DATA EXCERPTS:

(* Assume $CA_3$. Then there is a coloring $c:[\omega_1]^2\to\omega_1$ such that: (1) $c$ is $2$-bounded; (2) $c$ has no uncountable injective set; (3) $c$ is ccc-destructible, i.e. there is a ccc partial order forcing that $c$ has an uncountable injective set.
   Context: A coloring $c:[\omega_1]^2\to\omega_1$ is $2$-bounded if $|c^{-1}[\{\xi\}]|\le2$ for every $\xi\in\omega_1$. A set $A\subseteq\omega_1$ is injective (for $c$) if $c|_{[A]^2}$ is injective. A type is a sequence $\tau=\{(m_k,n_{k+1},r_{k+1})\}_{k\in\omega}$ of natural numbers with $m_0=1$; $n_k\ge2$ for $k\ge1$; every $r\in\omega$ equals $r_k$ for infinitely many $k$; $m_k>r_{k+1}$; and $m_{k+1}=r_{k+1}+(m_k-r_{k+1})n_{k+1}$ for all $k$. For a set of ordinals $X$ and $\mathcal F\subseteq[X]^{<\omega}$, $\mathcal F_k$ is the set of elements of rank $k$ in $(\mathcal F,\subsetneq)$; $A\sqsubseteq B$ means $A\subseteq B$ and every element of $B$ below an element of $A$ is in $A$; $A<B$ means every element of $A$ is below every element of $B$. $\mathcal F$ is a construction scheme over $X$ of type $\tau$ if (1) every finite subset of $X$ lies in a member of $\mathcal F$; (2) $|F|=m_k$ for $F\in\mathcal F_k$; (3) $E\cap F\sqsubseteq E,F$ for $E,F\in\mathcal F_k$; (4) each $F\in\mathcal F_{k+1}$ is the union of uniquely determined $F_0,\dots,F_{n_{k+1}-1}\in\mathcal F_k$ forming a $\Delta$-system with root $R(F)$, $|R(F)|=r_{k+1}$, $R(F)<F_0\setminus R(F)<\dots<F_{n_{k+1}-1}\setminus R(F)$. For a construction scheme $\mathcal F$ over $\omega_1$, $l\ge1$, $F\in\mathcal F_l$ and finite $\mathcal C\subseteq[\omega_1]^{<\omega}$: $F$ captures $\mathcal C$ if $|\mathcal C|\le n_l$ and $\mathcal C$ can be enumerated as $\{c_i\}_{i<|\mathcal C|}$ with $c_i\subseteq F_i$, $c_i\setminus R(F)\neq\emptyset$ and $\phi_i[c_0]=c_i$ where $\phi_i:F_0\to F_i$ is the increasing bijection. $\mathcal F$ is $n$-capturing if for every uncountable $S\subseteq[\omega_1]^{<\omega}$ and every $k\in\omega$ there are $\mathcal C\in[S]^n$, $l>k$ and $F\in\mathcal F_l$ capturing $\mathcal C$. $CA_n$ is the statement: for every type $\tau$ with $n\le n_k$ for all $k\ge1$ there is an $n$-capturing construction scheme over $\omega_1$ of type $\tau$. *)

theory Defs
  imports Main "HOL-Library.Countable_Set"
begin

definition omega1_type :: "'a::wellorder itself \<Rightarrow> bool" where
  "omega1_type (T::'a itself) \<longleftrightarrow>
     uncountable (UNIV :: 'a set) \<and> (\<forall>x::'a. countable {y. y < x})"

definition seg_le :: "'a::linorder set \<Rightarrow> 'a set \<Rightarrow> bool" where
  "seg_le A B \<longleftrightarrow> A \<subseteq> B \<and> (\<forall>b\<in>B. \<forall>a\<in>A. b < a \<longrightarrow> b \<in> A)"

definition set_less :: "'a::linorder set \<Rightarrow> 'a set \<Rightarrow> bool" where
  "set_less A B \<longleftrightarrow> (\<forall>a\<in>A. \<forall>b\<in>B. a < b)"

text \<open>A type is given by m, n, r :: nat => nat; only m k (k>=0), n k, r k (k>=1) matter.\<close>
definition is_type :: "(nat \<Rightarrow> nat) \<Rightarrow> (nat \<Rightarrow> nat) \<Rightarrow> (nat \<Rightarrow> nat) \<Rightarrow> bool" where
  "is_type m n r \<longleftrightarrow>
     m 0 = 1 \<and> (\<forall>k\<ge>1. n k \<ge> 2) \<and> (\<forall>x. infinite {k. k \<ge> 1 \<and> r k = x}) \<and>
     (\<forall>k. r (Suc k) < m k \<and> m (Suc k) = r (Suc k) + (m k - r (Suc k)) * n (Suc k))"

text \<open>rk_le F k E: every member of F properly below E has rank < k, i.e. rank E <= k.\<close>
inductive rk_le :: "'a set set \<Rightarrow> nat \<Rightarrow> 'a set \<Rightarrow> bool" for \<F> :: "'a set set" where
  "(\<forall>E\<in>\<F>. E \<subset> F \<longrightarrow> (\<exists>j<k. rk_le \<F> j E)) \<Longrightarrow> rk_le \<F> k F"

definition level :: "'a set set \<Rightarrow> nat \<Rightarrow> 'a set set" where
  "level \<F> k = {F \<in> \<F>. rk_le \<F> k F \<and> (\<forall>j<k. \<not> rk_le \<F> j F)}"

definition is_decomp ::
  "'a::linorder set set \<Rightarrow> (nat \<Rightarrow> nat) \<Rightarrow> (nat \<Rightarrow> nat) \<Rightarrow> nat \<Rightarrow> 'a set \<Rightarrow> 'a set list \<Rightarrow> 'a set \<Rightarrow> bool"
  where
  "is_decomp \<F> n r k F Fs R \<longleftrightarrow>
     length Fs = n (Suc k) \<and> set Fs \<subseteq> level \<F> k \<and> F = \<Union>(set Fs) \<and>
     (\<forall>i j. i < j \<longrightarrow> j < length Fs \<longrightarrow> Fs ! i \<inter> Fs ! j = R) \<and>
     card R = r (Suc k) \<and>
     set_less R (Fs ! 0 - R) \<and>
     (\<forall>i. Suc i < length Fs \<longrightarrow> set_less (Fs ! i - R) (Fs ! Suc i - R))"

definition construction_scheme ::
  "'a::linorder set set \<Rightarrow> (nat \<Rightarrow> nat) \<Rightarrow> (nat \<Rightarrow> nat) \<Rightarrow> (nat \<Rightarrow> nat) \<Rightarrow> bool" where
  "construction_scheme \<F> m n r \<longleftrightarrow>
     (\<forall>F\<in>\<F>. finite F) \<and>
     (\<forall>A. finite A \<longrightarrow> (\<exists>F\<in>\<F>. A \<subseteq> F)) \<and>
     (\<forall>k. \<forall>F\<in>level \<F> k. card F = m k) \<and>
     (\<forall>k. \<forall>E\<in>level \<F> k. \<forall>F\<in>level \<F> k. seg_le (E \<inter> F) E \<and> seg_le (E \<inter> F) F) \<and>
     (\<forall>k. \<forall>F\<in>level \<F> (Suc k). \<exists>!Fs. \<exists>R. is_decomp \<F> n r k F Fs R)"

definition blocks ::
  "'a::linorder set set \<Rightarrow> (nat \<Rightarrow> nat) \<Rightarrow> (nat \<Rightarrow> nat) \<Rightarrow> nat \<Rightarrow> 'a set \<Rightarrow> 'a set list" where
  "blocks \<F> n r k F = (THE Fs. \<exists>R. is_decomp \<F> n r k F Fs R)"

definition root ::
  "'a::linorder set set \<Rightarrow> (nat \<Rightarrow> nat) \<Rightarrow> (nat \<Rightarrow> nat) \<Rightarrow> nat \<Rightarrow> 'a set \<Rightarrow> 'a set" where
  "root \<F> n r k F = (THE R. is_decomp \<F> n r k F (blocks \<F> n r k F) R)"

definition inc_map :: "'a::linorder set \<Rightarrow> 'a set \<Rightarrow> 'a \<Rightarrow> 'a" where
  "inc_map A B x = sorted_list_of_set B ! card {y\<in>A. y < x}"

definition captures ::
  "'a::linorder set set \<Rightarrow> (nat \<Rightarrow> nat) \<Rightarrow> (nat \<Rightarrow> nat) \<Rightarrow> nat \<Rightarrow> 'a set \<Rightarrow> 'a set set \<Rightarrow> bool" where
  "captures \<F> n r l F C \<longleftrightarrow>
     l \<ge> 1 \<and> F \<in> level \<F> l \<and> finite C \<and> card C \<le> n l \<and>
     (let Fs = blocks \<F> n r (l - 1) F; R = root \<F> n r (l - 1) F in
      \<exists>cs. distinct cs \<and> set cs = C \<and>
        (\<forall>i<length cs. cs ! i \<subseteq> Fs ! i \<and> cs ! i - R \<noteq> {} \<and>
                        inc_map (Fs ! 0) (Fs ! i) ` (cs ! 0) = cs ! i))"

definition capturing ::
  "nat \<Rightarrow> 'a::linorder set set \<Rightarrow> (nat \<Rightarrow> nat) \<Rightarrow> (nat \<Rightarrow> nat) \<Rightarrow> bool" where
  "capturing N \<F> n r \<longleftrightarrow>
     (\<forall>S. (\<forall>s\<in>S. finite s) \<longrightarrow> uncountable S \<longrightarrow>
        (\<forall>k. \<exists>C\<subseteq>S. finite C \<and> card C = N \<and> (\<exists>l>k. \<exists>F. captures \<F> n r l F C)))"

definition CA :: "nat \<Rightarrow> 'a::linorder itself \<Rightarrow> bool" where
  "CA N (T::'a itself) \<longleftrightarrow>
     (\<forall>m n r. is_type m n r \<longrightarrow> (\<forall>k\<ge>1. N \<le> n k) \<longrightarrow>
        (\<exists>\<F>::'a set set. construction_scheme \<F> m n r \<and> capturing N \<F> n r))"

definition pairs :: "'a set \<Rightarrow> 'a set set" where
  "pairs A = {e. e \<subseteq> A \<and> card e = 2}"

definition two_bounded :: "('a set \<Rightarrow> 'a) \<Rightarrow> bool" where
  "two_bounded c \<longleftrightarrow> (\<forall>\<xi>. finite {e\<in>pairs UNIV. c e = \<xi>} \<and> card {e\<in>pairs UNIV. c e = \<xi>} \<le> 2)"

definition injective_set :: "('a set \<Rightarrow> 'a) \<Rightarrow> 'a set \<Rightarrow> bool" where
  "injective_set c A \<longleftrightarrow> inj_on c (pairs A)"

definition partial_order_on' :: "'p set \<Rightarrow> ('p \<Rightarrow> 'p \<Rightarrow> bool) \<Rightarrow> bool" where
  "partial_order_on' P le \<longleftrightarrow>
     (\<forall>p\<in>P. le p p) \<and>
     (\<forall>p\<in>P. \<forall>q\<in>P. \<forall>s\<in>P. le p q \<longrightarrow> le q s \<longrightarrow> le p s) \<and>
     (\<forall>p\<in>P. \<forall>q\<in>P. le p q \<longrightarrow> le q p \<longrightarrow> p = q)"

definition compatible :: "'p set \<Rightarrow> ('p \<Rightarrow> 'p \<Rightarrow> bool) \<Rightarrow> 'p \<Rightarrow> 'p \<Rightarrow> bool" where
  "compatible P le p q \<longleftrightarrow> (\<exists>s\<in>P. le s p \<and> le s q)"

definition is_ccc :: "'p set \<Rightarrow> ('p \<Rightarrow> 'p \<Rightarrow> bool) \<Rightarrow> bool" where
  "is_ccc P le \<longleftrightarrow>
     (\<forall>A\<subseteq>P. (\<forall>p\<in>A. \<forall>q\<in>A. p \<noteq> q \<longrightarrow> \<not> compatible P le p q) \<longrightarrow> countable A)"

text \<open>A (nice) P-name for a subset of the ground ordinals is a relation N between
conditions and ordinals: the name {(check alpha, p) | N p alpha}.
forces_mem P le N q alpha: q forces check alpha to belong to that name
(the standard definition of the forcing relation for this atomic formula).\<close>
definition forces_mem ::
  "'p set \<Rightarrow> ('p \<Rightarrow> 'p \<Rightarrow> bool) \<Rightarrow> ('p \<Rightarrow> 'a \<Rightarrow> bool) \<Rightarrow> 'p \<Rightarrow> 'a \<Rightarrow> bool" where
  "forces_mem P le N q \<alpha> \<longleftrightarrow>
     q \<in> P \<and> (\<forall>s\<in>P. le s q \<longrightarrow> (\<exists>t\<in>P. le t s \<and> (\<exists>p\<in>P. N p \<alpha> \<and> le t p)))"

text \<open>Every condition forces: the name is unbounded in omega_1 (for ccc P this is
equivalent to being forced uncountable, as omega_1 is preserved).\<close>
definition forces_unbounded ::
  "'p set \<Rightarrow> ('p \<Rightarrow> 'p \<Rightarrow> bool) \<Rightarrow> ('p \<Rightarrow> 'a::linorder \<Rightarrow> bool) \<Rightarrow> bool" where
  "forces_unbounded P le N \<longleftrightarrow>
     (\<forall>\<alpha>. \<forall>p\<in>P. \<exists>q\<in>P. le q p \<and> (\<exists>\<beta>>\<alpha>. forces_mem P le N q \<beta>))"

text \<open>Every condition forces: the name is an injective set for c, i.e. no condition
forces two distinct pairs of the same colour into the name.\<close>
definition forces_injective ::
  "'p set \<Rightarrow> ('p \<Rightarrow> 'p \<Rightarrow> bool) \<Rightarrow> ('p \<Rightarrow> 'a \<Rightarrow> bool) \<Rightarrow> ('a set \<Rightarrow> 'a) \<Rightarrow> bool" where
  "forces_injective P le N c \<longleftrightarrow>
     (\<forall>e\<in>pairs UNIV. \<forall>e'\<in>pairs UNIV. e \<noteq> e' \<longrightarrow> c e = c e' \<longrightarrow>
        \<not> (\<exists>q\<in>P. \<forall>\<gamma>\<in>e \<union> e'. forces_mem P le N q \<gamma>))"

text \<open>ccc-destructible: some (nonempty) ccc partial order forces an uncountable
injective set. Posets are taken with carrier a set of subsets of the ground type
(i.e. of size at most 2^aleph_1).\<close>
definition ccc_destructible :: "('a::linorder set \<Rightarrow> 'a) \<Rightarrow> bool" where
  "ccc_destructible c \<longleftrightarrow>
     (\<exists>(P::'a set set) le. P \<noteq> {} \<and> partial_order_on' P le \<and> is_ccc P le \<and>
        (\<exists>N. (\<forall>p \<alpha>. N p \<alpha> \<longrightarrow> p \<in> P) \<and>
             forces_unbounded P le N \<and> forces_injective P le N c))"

EXERCISE BRIEF: Quote the data above from the line containing "(\<forall>k. r (Suc" to the line containing "text \<open>rk_le F", inclusive, and stop.

EXERCISE RESPONSE:
     (\<forall>k. r (Suc k) < m k \<and> m (Suc k) = r (Suc k) + (m k - r (Suc k)) * n (Suc k))"

text \<open>rk_le F k E: every member of F properly below E has rank < k, i.e. rank E <= k.\<close>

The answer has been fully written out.